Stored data
------------------------
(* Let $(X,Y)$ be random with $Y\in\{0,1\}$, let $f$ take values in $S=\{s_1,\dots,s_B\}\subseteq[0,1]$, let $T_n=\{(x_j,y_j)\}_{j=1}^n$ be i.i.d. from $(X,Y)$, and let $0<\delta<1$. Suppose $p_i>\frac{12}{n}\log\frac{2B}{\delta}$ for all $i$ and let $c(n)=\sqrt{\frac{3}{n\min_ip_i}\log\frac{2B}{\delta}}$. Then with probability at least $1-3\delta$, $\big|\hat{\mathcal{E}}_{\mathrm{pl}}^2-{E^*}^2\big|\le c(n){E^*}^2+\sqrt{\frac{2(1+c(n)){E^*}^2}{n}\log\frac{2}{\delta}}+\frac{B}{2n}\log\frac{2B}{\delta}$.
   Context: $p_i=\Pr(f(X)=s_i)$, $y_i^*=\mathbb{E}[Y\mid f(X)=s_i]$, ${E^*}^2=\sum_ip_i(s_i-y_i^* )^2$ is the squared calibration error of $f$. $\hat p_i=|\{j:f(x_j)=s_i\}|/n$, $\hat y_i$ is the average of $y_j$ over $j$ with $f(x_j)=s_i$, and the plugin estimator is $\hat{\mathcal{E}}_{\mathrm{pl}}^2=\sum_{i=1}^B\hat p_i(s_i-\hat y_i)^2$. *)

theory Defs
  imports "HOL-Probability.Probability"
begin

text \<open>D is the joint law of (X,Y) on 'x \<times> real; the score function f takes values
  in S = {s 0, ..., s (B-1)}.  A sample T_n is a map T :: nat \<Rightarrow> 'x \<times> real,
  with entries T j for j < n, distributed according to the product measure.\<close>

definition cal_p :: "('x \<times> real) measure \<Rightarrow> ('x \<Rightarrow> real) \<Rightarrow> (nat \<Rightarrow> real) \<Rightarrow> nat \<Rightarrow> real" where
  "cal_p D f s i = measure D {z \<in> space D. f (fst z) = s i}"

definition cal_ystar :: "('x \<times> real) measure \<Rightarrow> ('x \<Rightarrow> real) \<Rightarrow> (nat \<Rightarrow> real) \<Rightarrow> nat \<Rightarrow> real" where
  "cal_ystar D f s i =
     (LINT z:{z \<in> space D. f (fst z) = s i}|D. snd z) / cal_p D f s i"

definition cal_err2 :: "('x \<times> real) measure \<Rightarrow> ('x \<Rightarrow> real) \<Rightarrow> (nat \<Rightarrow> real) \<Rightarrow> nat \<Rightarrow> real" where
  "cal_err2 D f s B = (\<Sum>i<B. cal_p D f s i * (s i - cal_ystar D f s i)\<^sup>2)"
------------------------
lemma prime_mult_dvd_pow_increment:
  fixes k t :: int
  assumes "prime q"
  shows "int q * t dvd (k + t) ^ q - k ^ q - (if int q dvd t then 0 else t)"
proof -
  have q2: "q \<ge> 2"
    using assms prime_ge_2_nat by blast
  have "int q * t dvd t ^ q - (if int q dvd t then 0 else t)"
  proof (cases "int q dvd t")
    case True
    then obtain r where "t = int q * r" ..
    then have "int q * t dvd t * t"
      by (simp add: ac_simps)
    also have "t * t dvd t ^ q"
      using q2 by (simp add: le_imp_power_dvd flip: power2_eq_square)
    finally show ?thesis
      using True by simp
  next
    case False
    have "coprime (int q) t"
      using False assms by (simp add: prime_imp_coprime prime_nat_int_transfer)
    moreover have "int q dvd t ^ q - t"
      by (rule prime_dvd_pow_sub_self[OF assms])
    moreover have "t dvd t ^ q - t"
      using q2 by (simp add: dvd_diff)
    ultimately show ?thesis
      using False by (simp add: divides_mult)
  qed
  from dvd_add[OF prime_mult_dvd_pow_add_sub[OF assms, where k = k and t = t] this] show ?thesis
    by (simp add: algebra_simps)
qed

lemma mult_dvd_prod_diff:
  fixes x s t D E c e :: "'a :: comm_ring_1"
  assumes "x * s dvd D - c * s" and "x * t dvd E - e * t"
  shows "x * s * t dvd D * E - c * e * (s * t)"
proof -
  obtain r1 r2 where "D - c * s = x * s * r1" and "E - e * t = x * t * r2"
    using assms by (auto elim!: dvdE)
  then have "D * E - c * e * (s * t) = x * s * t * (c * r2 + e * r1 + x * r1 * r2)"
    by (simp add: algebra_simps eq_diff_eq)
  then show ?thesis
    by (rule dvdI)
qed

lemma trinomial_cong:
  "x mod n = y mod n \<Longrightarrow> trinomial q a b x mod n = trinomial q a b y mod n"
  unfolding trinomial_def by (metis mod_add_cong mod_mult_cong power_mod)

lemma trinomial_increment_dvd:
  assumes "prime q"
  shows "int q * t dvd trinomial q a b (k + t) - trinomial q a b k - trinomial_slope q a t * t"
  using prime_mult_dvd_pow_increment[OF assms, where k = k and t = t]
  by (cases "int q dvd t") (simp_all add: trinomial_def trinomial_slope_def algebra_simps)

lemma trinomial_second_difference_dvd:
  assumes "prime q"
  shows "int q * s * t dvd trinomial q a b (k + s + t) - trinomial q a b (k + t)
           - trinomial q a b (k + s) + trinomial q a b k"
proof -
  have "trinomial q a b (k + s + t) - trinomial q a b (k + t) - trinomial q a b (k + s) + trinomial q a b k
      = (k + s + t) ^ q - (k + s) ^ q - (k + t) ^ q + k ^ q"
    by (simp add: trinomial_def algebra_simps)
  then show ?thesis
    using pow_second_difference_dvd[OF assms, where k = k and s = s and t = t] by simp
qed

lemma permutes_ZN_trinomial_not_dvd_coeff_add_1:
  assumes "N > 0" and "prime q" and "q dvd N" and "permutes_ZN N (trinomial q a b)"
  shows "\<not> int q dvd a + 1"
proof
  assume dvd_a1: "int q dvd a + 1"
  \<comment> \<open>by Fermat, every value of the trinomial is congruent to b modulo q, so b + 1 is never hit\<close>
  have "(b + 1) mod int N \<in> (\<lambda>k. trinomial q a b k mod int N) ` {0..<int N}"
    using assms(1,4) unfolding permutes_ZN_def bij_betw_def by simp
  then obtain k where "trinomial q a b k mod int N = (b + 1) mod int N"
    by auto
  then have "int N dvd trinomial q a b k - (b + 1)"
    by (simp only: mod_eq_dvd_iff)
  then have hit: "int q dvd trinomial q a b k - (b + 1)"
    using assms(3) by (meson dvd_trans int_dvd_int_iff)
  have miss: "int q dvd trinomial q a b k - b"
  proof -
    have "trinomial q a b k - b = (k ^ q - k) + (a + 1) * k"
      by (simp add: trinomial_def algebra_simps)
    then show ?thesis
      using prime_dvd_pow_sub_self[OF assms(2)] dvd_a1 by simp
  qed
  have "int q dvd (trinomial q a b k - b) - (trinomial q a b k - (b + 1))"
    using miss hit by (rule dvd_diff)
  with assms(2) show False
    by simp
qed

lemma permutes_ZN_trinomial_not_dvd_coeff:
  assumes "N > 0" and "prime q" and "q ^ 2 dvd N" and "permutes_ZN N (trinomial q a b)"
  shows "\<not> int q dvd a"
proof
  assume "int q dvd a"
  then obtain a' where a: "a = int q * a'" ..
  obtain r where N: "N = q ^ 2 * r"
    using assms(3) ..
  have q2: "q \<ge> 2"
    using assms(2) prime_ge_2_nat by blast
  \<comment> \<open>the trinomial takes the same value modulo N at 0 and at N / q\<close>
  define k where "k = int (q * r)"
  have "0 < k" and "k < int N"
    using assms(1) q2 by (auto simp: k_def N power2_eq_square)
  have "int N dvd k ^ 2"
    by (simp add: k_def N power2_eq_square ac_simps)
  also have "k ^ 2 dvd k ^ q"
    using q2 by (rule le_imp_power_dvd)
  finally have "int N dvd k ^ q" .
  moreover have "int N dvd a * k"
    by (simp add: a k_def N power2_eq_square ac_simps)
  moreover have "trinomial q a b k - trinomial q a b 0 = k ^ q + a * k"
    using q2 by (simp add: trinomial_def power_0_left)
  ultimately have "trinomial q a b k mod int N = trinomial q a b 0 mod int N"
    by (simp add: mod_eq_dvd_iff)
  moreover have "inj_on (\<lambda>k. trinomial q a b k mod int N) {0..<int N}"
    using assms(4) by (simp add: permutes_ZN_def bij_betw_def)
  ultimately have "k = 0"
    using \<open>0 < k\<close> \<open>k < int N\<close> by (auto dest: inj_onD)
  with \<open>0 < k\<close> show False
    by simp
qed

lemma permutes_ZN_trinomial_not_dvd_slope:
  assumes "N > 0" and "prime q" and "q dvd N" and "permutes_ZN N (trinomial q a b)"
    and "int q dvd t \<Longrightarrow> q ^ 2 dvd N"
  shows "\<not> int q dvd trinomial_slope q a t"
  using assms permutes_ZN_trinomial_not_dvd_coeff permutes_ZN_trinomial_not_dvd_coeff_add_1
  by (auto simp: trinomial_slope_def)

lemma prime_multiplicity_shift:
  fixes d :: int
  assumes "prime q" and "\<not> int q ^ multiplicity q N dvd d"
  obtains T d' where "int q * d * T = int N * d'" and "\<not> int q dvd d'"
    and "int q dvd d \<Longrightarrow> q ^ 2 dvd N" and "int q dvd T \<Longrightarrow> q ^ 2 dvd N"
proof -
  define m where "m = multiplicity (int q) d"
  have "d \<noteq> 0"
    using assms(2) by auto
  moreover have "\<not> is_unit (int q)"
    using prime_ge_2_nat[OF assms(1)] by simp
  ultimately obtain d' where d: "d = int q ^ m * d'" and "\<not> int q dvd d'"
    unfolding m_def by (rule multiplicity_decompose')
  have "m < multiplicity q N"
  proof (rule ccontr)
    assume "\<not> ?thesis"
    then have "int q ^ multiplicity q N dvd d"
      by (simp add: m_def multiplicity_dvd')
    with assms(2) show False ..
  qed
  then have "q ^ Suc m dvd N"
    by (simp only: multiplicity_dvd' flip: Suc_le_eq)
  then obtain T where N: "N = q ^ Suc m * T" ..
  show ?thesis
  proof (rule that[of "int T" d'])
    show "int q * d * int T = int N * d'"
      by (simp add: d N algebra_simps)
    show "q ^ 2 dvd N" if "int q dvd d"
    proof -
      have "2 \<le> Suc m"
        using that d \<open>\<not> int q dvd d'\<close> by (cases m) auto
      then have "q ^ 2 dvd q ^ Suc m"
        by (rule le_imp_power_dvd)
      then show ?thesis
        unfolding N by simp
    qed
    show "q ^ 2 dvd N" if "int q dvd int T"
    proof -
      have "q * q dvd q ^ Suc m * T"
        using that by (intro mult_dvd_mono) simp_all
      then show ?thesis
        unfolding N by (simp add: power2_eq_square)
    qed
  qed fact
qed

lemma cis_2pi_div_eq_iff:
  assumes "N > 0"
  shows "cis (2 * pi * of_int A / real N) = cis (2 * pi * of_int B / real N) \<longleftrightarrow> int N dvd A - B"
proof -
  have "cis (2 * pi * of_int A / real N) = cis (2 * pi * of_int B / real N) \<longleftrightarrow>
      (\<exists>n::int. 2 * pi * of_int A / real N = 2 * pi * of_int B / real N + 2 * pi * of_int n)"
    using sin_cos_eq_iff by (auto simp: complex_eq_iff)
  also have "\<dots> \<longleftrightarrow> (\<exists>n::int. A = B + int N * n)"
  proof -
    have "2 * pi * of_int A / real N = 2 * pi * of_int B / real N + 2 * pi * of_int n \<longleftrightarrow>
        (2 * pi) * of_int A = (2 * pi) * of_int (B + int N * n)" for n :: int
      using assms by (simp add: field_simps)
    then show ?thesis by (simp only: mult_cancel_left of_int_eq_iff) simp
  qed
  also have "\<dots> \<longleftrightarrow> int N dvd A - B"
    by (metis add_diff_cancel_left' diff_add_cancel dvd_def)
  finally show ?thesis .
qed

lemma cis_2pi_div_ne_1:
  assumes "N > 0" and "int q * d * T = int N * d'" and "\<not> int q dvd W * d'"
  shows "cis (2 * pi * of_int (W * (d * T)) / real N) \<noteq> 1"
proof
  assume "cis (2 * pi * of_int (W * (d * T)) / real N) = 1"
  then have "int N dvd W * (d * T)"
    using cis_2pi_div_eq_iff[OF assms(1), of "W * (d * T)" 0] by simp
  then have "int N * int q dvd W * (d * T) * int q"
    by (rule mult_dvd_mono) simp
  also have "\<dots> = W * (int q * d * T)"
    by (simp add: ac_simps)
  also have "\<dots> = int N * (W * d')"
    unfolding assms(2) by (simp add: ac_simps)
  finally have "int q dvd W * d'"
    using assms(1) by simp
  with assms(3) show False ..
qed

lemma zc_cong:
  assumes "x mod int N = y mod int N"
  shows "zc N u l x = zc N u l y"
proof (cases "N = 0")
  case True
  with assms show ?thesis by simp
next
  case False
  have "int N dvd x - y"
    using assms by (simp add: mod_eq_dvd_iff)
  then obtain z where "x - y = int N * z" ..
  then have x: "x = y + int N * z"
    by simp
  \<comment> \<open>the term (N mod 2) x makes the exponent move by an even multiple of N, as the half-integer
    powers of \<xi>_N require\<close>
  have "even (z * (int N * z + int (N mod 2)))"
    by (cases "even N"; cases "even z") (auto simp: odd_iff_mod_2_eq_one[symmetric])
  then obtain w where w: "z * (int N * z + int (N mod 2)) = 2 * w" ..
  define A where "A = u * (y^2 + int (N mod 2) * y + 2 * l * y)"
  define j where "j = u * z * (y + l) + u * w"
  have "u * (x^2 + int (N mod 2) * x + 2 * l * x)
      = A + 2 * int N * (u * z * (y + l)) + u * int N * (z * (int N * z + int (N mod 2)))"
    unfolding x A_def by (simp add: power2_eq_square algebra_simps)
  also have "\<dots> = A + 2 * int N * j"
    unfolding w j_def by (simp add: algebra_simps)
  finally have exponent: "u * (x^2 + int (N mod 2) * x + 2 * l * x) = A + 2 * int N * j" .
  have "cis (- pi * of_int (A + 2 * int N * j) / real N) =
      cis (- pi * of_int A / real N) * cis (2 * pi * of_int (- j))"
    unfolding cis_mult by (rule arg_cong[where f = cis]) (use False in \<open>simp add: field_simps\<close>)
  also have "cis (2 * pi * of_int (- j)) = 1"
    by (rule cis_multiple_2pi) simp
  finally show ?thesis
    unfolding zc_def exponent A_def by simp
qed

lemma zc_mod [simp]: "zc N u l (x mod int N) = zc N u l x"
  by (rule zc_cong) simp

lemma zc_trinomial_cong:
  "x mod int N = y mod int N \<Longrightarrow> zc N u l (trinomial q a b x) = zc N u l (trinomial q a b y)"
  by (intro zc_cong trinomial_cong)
------------------------
From the records above, return each line that includes "exponent".

  \<comment> \<open>the term (N mod 2) x makes the exponent move by an even multiple of N, as the half-integer
  finally have exponent: "u * (x^2 + int (N mod 2) * x + 2 * l * x) = A + 2 * int N * j" .
    unfolding zc_def exponent A_def by simp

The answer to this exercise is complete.